> _The data_
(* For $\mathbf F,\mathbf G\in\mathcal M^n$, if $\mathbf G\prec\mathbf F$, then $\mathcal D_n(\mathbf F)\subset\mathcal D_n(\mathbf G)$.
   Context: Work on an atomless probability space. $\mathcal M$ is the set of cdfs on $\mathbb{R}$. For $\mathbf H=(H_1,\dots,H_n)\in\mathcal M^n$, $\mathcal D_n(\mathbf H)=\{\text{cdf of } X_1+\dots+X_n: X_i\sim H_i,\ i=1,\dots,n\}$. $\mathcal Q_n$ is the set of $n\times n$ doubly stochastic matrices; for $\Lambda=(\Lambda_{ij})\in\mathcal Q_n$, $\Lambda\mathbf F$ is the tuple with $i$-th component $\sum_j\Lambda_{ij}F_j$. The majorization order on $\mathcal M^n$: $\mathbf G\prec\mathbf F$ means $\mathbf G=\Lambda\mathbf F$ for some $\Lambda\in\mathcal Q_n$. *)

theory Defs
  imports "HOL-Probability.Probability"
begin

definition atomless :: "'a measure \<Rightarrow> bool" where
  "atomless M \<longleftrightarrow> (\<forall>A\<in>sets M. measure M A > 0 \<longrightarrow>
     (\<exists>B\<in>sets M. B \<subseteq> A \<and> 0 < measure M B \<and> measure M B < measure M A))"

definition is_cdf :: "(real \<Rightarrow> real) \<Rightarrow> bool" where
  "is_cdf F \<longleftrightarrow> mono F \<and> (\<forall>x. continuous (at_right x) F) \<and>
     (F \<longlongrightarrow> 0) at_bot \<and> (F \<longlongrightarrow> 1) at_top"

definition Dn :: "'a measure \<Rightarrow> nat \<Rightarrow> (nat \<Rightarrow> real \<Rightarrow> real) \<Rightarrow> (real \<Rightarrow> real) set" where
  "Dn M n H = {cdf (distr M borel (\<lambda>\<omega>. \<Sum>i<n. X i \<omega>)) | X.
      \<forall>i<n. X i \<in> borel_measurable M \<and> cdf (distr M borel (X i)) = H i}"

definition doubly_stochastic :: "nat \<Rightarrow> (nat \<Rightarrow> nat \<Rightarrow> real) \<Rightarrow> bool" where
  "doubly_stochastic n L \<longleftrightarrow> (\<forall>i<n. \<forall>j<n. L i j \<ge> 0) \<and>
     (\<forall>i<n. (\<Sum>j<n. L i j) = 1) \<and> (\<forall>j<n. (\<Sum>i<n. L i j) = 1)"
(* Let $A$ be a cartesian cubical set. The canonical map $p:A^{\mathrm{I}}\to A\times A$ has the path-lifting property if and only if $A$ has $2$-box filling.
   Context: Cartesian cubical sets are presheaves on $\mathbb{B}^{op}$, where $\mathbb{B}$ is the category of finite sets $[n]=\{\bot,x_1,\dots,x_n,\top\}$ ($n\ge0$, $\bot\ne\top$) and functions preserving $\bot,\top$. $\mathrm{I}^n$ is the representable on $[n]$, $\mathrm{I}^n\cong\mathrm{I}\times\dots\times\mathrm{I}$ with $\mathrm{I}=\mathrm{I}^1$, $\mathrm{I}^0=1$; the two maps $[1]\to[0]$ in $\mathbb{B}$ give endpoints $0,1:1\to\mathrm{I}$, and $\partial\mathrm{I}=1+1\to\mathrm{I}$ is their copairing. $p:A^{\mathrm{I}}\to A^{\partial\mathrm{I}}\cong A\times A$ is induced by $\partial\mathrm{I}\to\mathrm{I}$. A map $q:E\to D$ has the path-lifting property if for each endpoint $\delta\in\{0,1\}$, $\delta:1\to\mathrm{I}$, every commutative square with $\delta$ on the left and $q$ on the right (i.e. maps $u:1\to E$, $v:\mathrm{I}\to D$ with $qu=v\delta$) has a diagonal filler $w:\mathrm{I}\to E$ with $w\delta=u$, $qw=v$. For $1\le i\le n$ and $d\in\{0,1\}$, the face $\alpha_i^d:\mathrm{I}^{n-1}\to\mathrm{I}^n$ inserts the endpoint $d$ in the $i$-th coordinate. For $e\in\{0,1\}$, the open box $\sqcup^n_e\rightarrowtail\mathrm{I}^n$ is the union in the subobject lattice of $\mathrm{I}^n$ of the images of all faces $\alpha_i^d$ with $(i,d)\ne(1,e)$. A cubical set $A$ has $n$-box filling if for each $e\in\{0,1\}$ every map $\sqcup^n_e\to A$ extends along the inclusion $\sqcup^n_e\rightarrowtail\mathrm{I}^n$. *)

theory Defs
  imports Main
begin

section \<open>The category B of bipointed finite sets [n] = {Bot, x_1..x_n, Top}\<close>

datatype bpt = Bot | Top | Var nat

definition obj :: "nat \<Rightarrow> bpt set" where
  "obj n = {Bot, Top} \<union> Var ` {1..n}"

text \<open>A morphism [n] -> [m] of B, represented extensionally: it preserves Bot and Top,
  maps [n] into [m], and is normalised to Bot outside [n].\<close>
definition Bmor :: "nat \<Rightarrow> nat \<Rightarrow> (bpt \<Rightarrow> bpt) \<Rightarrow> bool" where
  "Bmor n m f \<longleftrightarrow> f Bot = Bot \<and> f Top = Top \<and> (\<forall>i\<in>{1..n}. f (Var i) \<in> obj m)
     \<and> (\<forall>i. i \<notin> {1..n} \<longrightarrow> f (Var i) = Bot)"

> _Exercise details_
Return all of the material verbatim, with no line left out.

> _Answer_
(* For $\mathbf F,\mathbf G\in\mathcal M^n$, if $\mathbf G\prec\mathbf F$, then $\mathcal D_n(\mathbf F)\subset\mathcal D_n(\mathbf G)$.
   Context: Work on an atomless probability space. $\mathcal M$ is the set of cdfs on $\mathbb{R}$. For $\mathbf H=(H_1,\dots,H_n)\in\mathcal M^n$, $\mathcal D_n(\mathbf H)=\{\text{cdf of } X_1+\dots+X_n: X_i\sim H_i,\ i=1,\dots,n\}$. $\mathcal Q_n$ is the set of $n\times n$ doubly stochastic matrices; for $\Lambda=(\Lambda_{ij})\in\mathcal Q_n$, $\Lambda\mathbf F$ is the tuple with $i$-th component $\sum_j\Lambda_{ij}F_j$. The majorization order on $\mathcal M^n$: $\mathbf G\prec\mathbf F$ means $\mathbf G=\Lambda\mathbf F$ for some $\Lambda\in\mathcal Q_n$. *)

theory Defs
  imports "HOL-Probability.Probability"
begin

definition atomless :: "'a measure \<Rightarrow> bool" where
  "atomless M \<longleftrightarrow> (\<forall>A\<in>sets M. measure M A > 0 \<longrightarrow>
     (\<exists>B\<in>sets M. B \<subseteq> A \<and> 0 < measure M B \<and> measure M B < measure M A))"

definition is_cdf :: "(real \<Rightarrow> real) \<Rightarrow> bool" where
  "is_cdf F \<longleftrightarrow> mono F \<and> (\<forall>x. continuous (at_right x) F) \<and>
     (F \<longlongrightarrow> 0) at_bot \<and> (F \<longlongrightarrow> 1) at_top"

definition Dn :: "'a measure \<Rightarrow> nat \<Rightarrow> (nat \<Rightarrow> real \<Rightarrow> real) \<Rightarrow> (real \<Rightarrow> real) set" where
  "Dn M n H = {cdf (distr M borel (\<lambda>\<omega>. \<Sum>i<n. X i \<omega>)) | X.
      \<forall>i<n. X i \<in> borel_measurable M \<and> cdf (distr M borel (X i)) = H i}"

definition doubly_stochastic :: "nat \<Rightarrow> (nat \<Rightarrow> nat \<Rightarrow> real) \<Rightarrow> bool" where
  "doubly_stochastic n L \<longleftrightarrow> (\<forall>i<n. \<forall>j<n. L i j \<ge> 0) \<and>
     (\<forall>i<n. (\<Sum>j<n. L i j) = 1) \<and> (\<forall>j<n. (\<Sum>i<n. L i j) = 1)"
(* Let $A$ be a cartesian cubical set. The canonical map $p:A^{\mathrm{I}}\to A\times A$ has the path-lifting property if and only if $A$ has $2$-box filling.
   Context: Cartesian cubical sets are presheaves on $\mathbb{B}^{op}$, where $\mathbb{B}$ is the category of finite sets $[n]=\{\bot,x_1,\dots,x_n,\top\}$ ($n\ge0$, $\bot\ne\top$) and functions preserving $\bot,\top$. $\mathrm{I}^n$ is the representable on $[n]$, $\mathrm{I}^n\cong\mathrm{I}\times\dots\times\mathrm{I}$ with $\mathrm{I}=\mathrm{I}^1$, $\mathrm{I}^0=1$; the two maps $[1]\to[0]$ in $\mathbb{B}$ give endpoints $0,1:1\to\mathrm{I}$, and $\partial\mathrm{I}=1+1\to\mathrm{I}$ is their copairing. $p:A^{\mathrm{I}}\to A^{\partial\mathrm{I}}\cong A\times A$ is induced by $\partial\mathrm{I}\to\mathrm{I}$. A map $q:E\to D$ has the path-lifting property if for each endpoint $\delta\in\{0,1\}$, $\delta:1\to\mathrm{I}$, every commutative square with $\delta$ on the left and $q$ on the right (i.e. maps $u:1\to E$, $v:\mathrm{I}\to D$ with $qu=v\delta$) has a diagonal filler $w:\mathrm{I}\to E$ with $w\delta=u$, $qw=v$. For $1\le i\le n$ and $d\in\{0,1\}$, the face $\alpha_i^d:\mathrm{I}^{n-1}\to\mathrm{I}^n$ inserts the endpoint $d$ in the $i$-th coordinate. For $e\in\{0,1\}$, the open box $\sqcup^n_e\rightarrowtail\mathrm{I}^n$ is the union in the subobject lattice of $\mathrm{I}^n$ of the images of all faces $\alpha_i^d$ with $(i,d)\ne(1,e)$. A cubical set $A$ has $n$-box filling if for each $e\in\{0,1\}$ every map $\sqcup^n_e\to A$ extends along the inclusion $\sqcup^n_e\rightarrowtail\mathrm{I}^n$. *)

theory Defs
  imports Main
begin

section \<open>The category B of bipointed finite sets [n] = {Bot, x_1..x_n, Top}\<close>

datatype bpt = Bot | Top | Var nat

definition obj :: "nat \<Rightarrow> bpt set" where
  "obj n = {Bot, Top} \<union> Var ` {1..n}"

text \<open>A morphism [n] -> [m] of B, represented extensionally: it preserves Bot and Top,
  maps [n] into [m], and is normalised to Bot outside [n].\<close>
definition Bmor :: "nat \<Rightarrow> nat \<Rightarrow> (bpt \<Rightarrow> bpt) \<Rightarrow> bool" where
  "Bmor n m f \<longleftrightarrow> f Bot = Bot \<and> f Top = Top \<and> (\<forall>i\<in>{1..n}. f (Var i) \<in> obj m)
     \<and> (\<forall>i. i \<notin> {1..n} \<longrightarrow> f (Var i) = Bot)"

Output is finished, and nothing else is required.